Let's visualize one sample of the new `packed_train_dataset`:

In [None]:
packed_train_dataset[3020]

## Fine-tuning the model

Now that our data is ready, we can download the pretrained model and fine-tune it. The number of labels will be required.

In [None]:
from transformers import AutoModelForSequenceClassification, default_data_collator
from optimum.graphcore import IPUConfig, IPUTrainer, IPUTrainingArguments

num_labels = 3 if task.startswith("mnli") else 1 if task=="stsb" else 2

### Implement Packed BERT

A few model modifications are required to make packing work with BERT.
We will extend the existing class `BertForSequenceClassification`.

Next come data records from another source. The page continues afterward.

lemma bdiff_ground_state_concave:
  assumes "1 \<le> k"
  shows "bdiff ground_state (k - 1) + bdiff ground_state (Suc k) \<le> 2 * bdiff ground_state k"
proof -
  have sqrt2: "1.414 < sqrt 2" "sqrt 2 < 1.5"
    by (rule real_less_rsqrt real_less_lsqrt; simp add: power2_eq_square)+
  have sqrt3: "sqrt 3 < 1.7321"
    by (rule real_less_lsqrt) (simp_all add: power2_eq_square)
  \<comment> \<open>The convexity argument needs k - 1 > 1, so k \<le> 2 is checked numerically.\<close>
  consider "k = 1" | "k = 2" | "3 \<le> k"
    using assms by linarith
  then show ?thesis
  proof cases
    case 1
    then show ?thesis
      using sqrt2 by (simp add: bdiff_def ground_state_def powr_three_halves)
  next
    case 2
    then show ?thesis
      using sqrt2 sqrt3 by (simp add: bdiff_def ground_state_def powr_three_halves numeral_eq_Suc)
  next
    case 3
    define \<psi> where "\<psi> y = (y - 1) powr (3/2) - y powr (3/2)" for y :: real
    have midpoint: "(1 - 1/2) *\<^sub>R (real k - 1) + (1/2) *\<^sub>R (real k + 1) = real k"
      by (simp add: field_simps)
    have "\<psi> (real k) \<le> (1 - 1/2) * \<psi> (real k - 1) + (1/2) * \<psi> (real k + 1)"
      using 3 convex_onD[OF convex_on_powr_three_halves_decrement[folded \<psi>_def],
          of "1/2" "real k - 1" "real k + 1"]
      unfolding midpoint by auto
    moreover have "bdiff ground_state j = - \<psi> (real j)" if "1 \<le> j" for j
      using that by (simp add: \<psi>_def bdiff_def ground_state_def of_nat_diff)
    ultimately show ?thesis
      using 3 by (simp add: of_nat_diff algebra_simps)
  qed
qed
lemma wedge_relation_contractions:
  fixes a b :: "'v::euclidean_space \<Rightarrow> 'v \<Rightarrow> real"
  assumes q: "quat_hermitian I J K" and ta: "two_form a" and tb: "two_form b"
    and w: "wedge2 a (omega J) = wedge2 b (omega I)"
  defines "d \<equiv> real DIM('v)"
  shows "(4 - d) * a x y + form_trace a J * omega J x y
           = 2 * (b x (K y) + b (K x) y) + form_trace b J * omega I x y"
    and "(4 - d) * b x y + form_trace b I * omega I x y
           = - 2 * (a x (K y) + a (K x) y) + form_trace a I * omega J x y"
    and "2 * (a x (I y) + a (I x) y) + form_trace a K * omega J x y
           = - 2 * (b x (J y) + b (J x) y) + form_trace b K * omega I x y"
proof -
  note L = quat_hermitian_linear[OF q] and S = quat_hermitian_skew[OF q]
  have a2: "bilinear a" and b2: "bilinear b" using ta tb unfolding two_form_def by auto
  note cA = wedge2_contraction[OF a2 two_form_antisym[OF ta] _ S(2)]
  note cB = wedge2_contraction[OF b2 two_form_antisym[OF tb] _ S(1)]
  note simps = quat_hermitian_products[OF q] quat_hermitian_neg[OF q]
    quat_hermitian_isotropic[OF q] two_form_neg[OF ta] two_form_neg[OF tb]
    inner_minus_right sum_negf sum_basis_norms d_def
  have "(\<Sum>i\<in>Basis. wedge2 a (omega J) x y i (J i)) = (\<Sum>i\<in>Basis. wedge2 b (omega I) x y i (J i))"
    by (simp add: w)
  then show "(4 - d) * a x y + form_trace a J * omega J x y
           = 2 * (b x (K y) + b (K x) y) + form_trace b J * omega I x y"
    unfolding cA[OF L(2) S(2)] cB[OF L(2) S(2)] by (simp add: simps algebra_simps)
  have "(\<Sum>i\<in>Basis. wedge2 a (omega J) x y i (I i)) = (\<Sum>i\<in>Basis. wedge2 b (omega I) x y i (I i))"
    by (simp add: w)
  then show "(4 - d) * b x y + form_trace b I * omega I x y
           = - 2 * (a x (K y) + a (K x) y) + form_trace a I * omega J x y"
    unfolding cA[OF L(1) S(1)] cB[OF L(1) S(1)] by (simp add: simps algebra_simps)
  have "(\<Sum>i\<in>Basis. wedge2 a (omega J) x y i (K i)) = (\<Sum>i\<in>Basis. wedge2 b (omega I) x y i (K i))"
    by (simp add: w)
  then show "2 * (a x (I y) + a (I x) y) + form_trace a K * omega J x y
           = - 2 * (b x (J y) + b (J x) y) + form_trace b K * omega I x y"
    unfolding cA[OF L(3) S(3)] cB[OF L(3) S(3)] by (simp add: simps algebra_simps)
qed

First let's load a default BERT configuration using `AutoConfig`.

In [None]:
from transformers import AutoConfig
config = AutoConfig.from_pretrained(model_checkpoint)
config.max_position_embeddings = max_seq_length
print(config)

Packing sequences increases the number of elements per batch.
In order to reuse the classifications heads from `transformers` library, we need a special pooler. Instead of pooling the hidden states of a single sequence, it's pooling multiple ones (given the maxium number of sequences in the pack) and ordering them along the batch dimension. So the output size of the pooler is: `[batch-size x max_sequences_per_pack, hidden_size]`

From the Loss point-of-view , everything will appear as if the batch-size was larger (`batch-size x max_sequences_per_pack`).
When the number of sequences in the pack is lower than `max_sequences_per_pack`, padding is ignored by using the default `ignore_index` (-100) of the loss as a special labels (this was already done in the dataset preprocessing, cf: *Packing the dataset*).

![pooling](images/pooling.png)

In [None]:
import torch
import torch.nn as nn

class PackedBertPooler(nn.Module):
    def __init__(self, config):
        super().__init__()
        self.max_sequences_per_pack = config.max_sequences_per_pack
        self.dense = nn.Linear(config.hidden_size, config.hidden_size)
        self.activation = nn.Tanh()

    def forward(self, hidden_states):
        # We "pool" the model by simply taking the hidden states corresponding
        # to the last max_sequences_per_pack tokens. Note that the [CLS] tokens
        # are always located at the end of the pack. When the actual number of
        # sequences is lower than max_sequences_per_pack, we still slice out
        # the last max_sequences_per_pack tokens, but we will not use all of
        # them during loss calculation.
        sh = hidden_states.shape
        last_tokens_tensors = hidden_states[:, -self.max_sequences_per_pack:]
        last_reshape = last_tokens_tensors.reshape(sh[0]*self.max_sequences_per_pack, sh[2])
        # output size: [bs x max_sequences_per_pack, hidden_size]
        output = self.dense(last_reshape)
        output = self.activation(output)
        return output

##### Attention mask
The attention mask should be used in a specific way in packed-BERT.
We will create a 2D attention mask like in the following example.
By doing so, the cross-attention will treat separately each sequence of the pack (and it will also ignore the padding).
![attn-mask](images/attention-mask.png)

To get a better intuition here is an example showing how to transform the 1D attention mask:

In [None]:
# 1 : Flat attention mask genreated by the dataset. Each sequence has a different index. 0 is padding.
attention_mask = torch.tensor([[1,1,2,2,3,3,3,4,4,4,4,0,0,0,0,1,2,3,4]])
# 2: Generate the boolean 2D attention mask
attention_mask = attention_mask[:, None, :].repeat(1, attention_mask.shape[1], 1)
attention_mask = (attention_mask == attention_mask.transpose(1, 2)) * (attention_mask != 0)
# Notice that the mask is always False for the padding tokens.
print(attention_mask.to(int))

Now let's integrate this idea to the input of packed BERT.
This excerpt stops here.